What this task involves :: Among the entries below, find each line with "where" and show it.

Task input ::
text \<open>Induction on a bound for the digit positions; splitting by the first digit and applying the
  doubling map moves every position down by one and halves the measure.\<close>
lemma emeasure_digit_cylinder:
  assumes "finite D" "D \<subseteq> {1..n}" "\<forall>d\<in>D. v d \<le> 1"
  shows "emeasure lborel (digit_cylinder D v) = ennreal ((1/2)^card D)"
  using assms
proof (induction n arbitrary: D v)
  case 0
  then have "D = {}" by auto
  moreover have "digit_cylinder {} v = {0..<1}" by (auto simp: digit_cylinder_def)
  ultimately show ?case by simp
next
  case (Suc n)
  let ?D' = "{d. d \<ge> 1 \<and> Suc d \<in> D}" and ?v' = "\<lambda>d. v (Suc d)"
  have D: "\<forall>d\<in>D. d \<ge> 1" using Suc.prems by auto
  have D': "finite ?D'" by (rule finite_subset[of _ "{..n}"]) (use Suc.prems in auto)
  have IH: "emeasure lborel (digit_cylinder ?D' ?v') = ennreal ((1/2)^card ?D')"
    by (rule Suc.IH) (use Suc.prems D' in auto)
  have half: "emeasure lborel (digit_cylinder D v \<inter> {x. bdig x 1 = e}) =
      ennreal (if 1 \<in> D \<and> v 1 \<noteq> e then 0 else (1/2)^card ?D' / 2)" if "e \<le> 1" for e
  proof -
    have "ennreal ((1/2)^card ?D') / 2 = ennreal ((1/2)^card ?D' / 2)"
      using divide_ennreal[of "(1/2)^card ?D'" 2] by simp
    then show ?thesis
      unfolding digit_cylinder_Int_first_digit[OF D that]
      using emeasure_lborel_doubling_preimage[OF digit_cylinder_measurable[OF D'], of e] IH
      by auto
  qed
  have split: "digit_cylinder D v = (digit_cylinder D v \<inter> {x. bdig x 1 = 0})
      \<union> (digit_cylinder D v \<inter> {x. bdig x 1 = 1})"
    using bdig_le_1 by (auto simp: le_Suc_eq)
  have "digit_cylinder D v \<inter> {x. bdig x 1 = e} \<in> sets lborel" for e
    using Suc.prems(1) by measurable
  then have "emeasure lborel (digit_cylinder D v)
      = emeasure lborel (digit_cylinder D v \<inter> {x. bdig x 1 = 0})
        + emeasure lborel (digit_cylinder D v \<inter> {x. bdig x 1 = 1})"
    by (subst split, intro plus_emeasure[symmetric]) auto
  also have "\<dots> = ennreal ((if 1 \<in> D \<and> v 1 \<noteq> 0 then 0 else (1/2)^card ?D' / 2)
      + (if 1 \<in> D \<and> v 1 \<noteq> 1 then 0 else (1/2)^card ?D' / 2))"
    using half[of 0] half[of 1] by (subst ennreal_plus) auto
  also have "\<dots> = ennreal ((1/2)^card D)"
  proof (cases "1 \<in> D")
    case True
    then have "card D = card ?D' + 1" "v 1 = 0 \<or> v 1 = 1"
      using card_shift_down[OF D Suc.prems(1)] Suc.prems(3) by auto
    then show ?thesis using True by auto
  next
    case False
    then show ?thesis using card_shift_down[OF D Suc.prems(1)] by simp
  qed
  finally show ?case .
qed

section \<open>Second moments of block counts\<close>

abbreviation unit_lebesgue :: "real measure" where
  "unit_lebesgue \<equiv> restrict_space lborel {0..<1}"

lemma finite_measure_unit_lebesgue: "finite_measure unit_lebesgue"
  by (rule finite_measureI) (simp add: emeasure_restrict_space space_restrict_space)

lemma measure_unit_lebesgue: "A \<subseteq> {0..<1} \<Longrightarrow> measure unit_lebesgue A = measure lborel A"
  by (rule measure_restrict_space) auto

lemma integrable_unit_lebesgue:
  fixes f :: "real \<Rightarrow> real"
  assumes "f \<in> borel_measurable borel" "\<And>x. \<bar>f x\<bar> \<le> B"
  shows "integrable unit_lebesgue f"
proof (rule finite_measure.integrable_const_bound[OF finite_measure_unit_lebesgue, where B = B])
  show "f \<in> borel_measurable unit_lebesgue"
    using assms(1) by (intro measurable_restrict_space1) simp
qed (use assms(2) in simp)

lemma integral_unit_lebesgue_const: "integral\<^sup>L unit_lebesgue (\<lambda>x. c) = (c::real)"
  using measure_unit_lebesgue[of "{0..<1}"] by (simp add: space_restrict_space)

definition block_set :: "nat list \<Rightarrow> nat \<Rightarrow> real set" where
  "block_set w i = {x\<in>{0..<1}. block_at x w i}"

lemma block_set_eq_digit_cylinder:
  "block_set w i = digit_cylinder {i..<i + length w} (\<lambda>d. w ! (d - i))"
proof -
  have "block_at x w i \<longleftrightarrow> (\<forall>d\<in>{i..<i + length w}. bdig x d = w ! (d - i))" for x
  proof
    assume "block_at x w i"
    then show "\<forall>d\<in>{i..<i + length w}. bdig x d = w ! (d - i)"
      unfolding block_at_def by (metis add_diff_inverse_nat atLeastLessThan_iff less_diff_conv2
        not_less add.commute)
  next
    assume "\<forall>d\<in>{i..<i + length w}. bdig x d = w ! (d - i)"
    then show "block_at x w i"
      unfolding block_at_def by (metis add_diff_cancel_left' atLeastLessThan_iff le_add1
        nat_add_left_cancel_less)
  qed
  then show ?thesis by (auto simp: block_set_def digit_cylinder_def)
qed

lemma block_set_measurable [measurable]: "block_set w i \<in> sets borel"
  unfolding block_set_eq_digit_cylinder by (rule digit_cylinder_measurable) simp

lemma block_set_subset: "block_set w i \<subseteq> {0..<1}"
  by (auto simp: block_set_def)

definition block_dev :: "nat list \<Rightarrow> nat \<Rightarrow> real \<Rightarrow> real" where
  "block_dev w i x = indicator (block_set w i) x - (1/2)^length w"

lemma block_dev_measurable [measurable]: "block_dev w i \<in> borel_measurable borel"
  unfolding block_dev_def by measurable

lemma abs_block_dev_le_1: "\<bar>block_dev w i x\<bar> \<le> 1"
  using power_le_one[of "1/2::real" "length w"] by (auto simp: block_dev_def indicator_def)

lemma integrable_block_dev_product: "integrable unit_lebesgue (\<lambda>x. block_dev w i x * block_dev w j x)"
  by (rule integrable_unit_lebesgue[where B = 1])
    (simp_all add: abs_mult mult_le_one abs_block_dev_le_1)

context
  fixes w :: "nat list"
  assumes w: "set w \<subseteq> {0, 1}"
begin

lemma measure_digit_cylinder_word:
  assumes "finite D" "D \<subseteq> {1..n}" "\<And>d. d \<in> D \<Longrightarrow> v d < length w" 
  shows "measure lborel (digit_cylinder D (\<lambda>d. w ! v d)) = (1/2)^card D"
proof -
  have "w ! v d \<le> 1" if "d \<in> D" for d
    using nth_mem[OF assms(3)[OF that]] w by auto
  then show ?thesis
    using emeasure_digit_cylinder[OF assms(1,2)] by (simp add: measure_def)
qed

lemma measure_block_set: "i \<ge> 1 \<Longrightarrow> measure lborel (block_set w i) = (1/2)^length w"
  unfolding block_set_eq_digit_cylinder
  by (subst measure_digit_cylinder_word[where n = "i + length w"]) auto

lemma measure_block_set_Int:
  assumes "i \<ge> 1" "i + length w \<le> j"
  shows "measure lborel (block_set w i \<inter> block_set w j) = ((1/2)^length w)^2"
proof -
  let ?D1 = "{i..<i + length w}" and ?D2 = "{j..<j + length w}"
  let ?v = "\<lambda>d. if d < i + length w then d - i else d - j"
  have "(\<forall>d\<in>?D1 \<union> ?D2. bdig x d = w ! ?v d) \<longleftrightarrow>
      (\<forall>d\<in>?D1. bdig x d = w ! (d - i)) \<and> (\<forall>d\<in>?D2. bdig x d = w ! (d - j))" for x
  proof -
    have "(\<forall>d\<in>?D1 \<union> ?D2. bdig x d = w ! ?v d) \<longleftrightarrow>
        (\<forall>d\<in>?D1. bdig x d = w ! ?v d) \<and> (\<forall>d\<in>?D2. bdig x d = w ! ?v d)"
      by (rule ball_Un)
    also have "(\<forall>d\<in>?D1. bdig x d = w ! ?v d) \<longleftrightarrow> (\<forall>d\<in>?D1. bdig x d = w ! (d - i))"
      by (intro ball_cong) auto
    also have "(\<forall>d\<in>?D2. bdig x d = w ! ?v d) \<longleftrightarrow> (\<forall>d\<in>?D2. bdig x d = w ! (d - j))"
      using assms(2) by (intro ball_cong) auto
    finally show ?thesis .
  qed
  then have "block_set w i \<inter> block_set w j = digit_cylinder (?D1 \<union> ?D2) (\<lambda>d. w ! ?v d)"
    unfolding block_set_eq_digit_cylinder digit_cylinder_def by blast
  moreover have "card (?D1 \<union> ?D2) = 2 * length w"
    using assms(2) by (subst card_Un_disjoint) auto
  moreover have "measure lborel (digit_cylinder (?D1 \<union> ?D2) (\<lambda>d. w ! ?v d)) = (1/2)^card (?D1 \<union> ?D2)"
    by (rule measure_digit_cylinder_word[where n = "j + length w"]) (use assms in auto)
  ultimately show ?thesis by (simp add: power_mult[symmetric] mult.commute)
qed

lemma integral_block_dev_product_le:
  assumes "i \<ge> 1" "j \<ge> 1"
  shows "integral\<^sup>L unit_lebesgue (\<lambda>x. block_dev w i x * block_dev w j x)
    \<le> (if j < i + length w \<and> i < j + length w then 1 else 0)"
proof (cases "j < i + length w \<and> i < j + length w")
  case True
  have "integral\<^sup>L unit_lebesgue (\<lambda>x. block_dev w i x * block_dev w j x) \<le> integral\<^sup>L unit_lebesgue (\<lambda>x. 1)"
  proof (rule integral_mono[OF integrable_block_dev_product])
    show "integrable unit_lebesgue (\<lambda>x. 1::real)"
      by (rule integrable_unit_lebesgue[where B = 1]) auto
    show "block_dev w i x * block_dev w j x \<le> 1" for x
      using abs_block_dev_le_1[of w i x] abs_block_dev_le_1[of w j x]
      by (metis abs_ge_zero abs_le_D1 abs_mult mult_le_one)
  qed
  also have "\<dots> = 1" by (rule integral_unit_lebesgue_const)
  finally show ?thesis using True by simp
next
  case False
  let ?p = "(1/2::real)^length w" and ?I = "\<lambda>A. indicator A :: real \<Rightarrow> real"
  let ?Ei = "block_set w i" and ?Ej = "block_set w j"
  have int: "integrable unit_lebesgue (?I A)" if "A \<in> sets borel" for A
    by (rule integrable_unit_lebesgue[where B = 1]) (use that in auto)
  have "integral\<^sup>L unit_lebesgue (\<lambda>x. block_dev w i x * block_dev w j x)
      = integral\<^sup>L unit_lebesgue (\<lambda>x. ?I (?Ei \<inter> ?Ej) x - ?p * ?I ?Ei x - ?p * ?I ?Ej x + ?p^2)"
    by (simp add: block_dev_def indicator_inter_arith algebra_simps power2_eq_square)
  also have "\<dots> = measure lborel (?Ei \<inter> ?Ej) - ?p * measure lborel ?Ei - ?p * measure lborel ?Ej + ?p^2"
    using block_set_subset[of w i] block_set_subset[of w j]
    by (simp add: int integrable_unit_lebesgue[where B = "?p^2"] Int_absorb2 le_infI1
      measure_unit_lebesgue del: power_one_over)
  also have "measure lborel (?Ei \<inter> ?Ej) = ?p^2"
  proof -
    have "i + length w \<le> j \<or> j + length w \<le> i" using False by auto
    then show ?thesis
      using measure_block_set_Int[OF assms(1)] measure_block_set_Int[OF assms(2)] Int_commute
      by metis
  qed
  finally show ?thesis using measure_block_set assms by (simp add: power2_eq_square)
qed

end

definition block_dev_sum :: "nat list \<Rightarrow> nat \<Rightarrow> real \<Rightarrow> real" where
  "block_dev_sum w N x = (\<Sum>i\<in>{1..N}. block_dev w i x)"

lemma block_dev_sum_measurable [measurable]: "block_dev_sum w N \<in> borel_measurable borel"
  unfolding block_dev_sum_def by measurable

lemma real_block_count: "real (block_count x w N) = (\<Sum>i\<in>{1..N}. if block_at x w i then 1 else 0)"
  by (simp add: sum.If_cases Int_def block_count_def)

Output below ::
abbreviation unit_lebesgue :: "real measure" where
proof (rule finite_measure.integrable_const_bound[OF finite_measure_unit_lebesgue, where B = B])
definition block_set :: "nat list \<Rightarrow> nat \<Rightarrow> real set" where
definition block_dev :: "nat list \<Rightarrow> nat \<Rightarrow> real \<Rightarrow> real" where
  by (rule integrable_unit_lebesgue[where B = 1])
  by (subst measure_digit_cylinder_word[where n = "i + length w"]) auto
    by (rule measure_digit_cylinder_word[where n = "j + length w"]) (use assms in auto)
      by (rule integrable_unit_lebesgue[where B = 1]) auto
    by (rule integrable_unit_lebesgue[where B = 1]) (use that in auto)
    by (simp add: int integrable_unit_lebesgue[where B = "?p^2"] Int_absorb2 le_infI1
definition block_dev_sum :: "nat list \<Rightarrow> nat \<Rightarrow> real \<Rightarrow> real" where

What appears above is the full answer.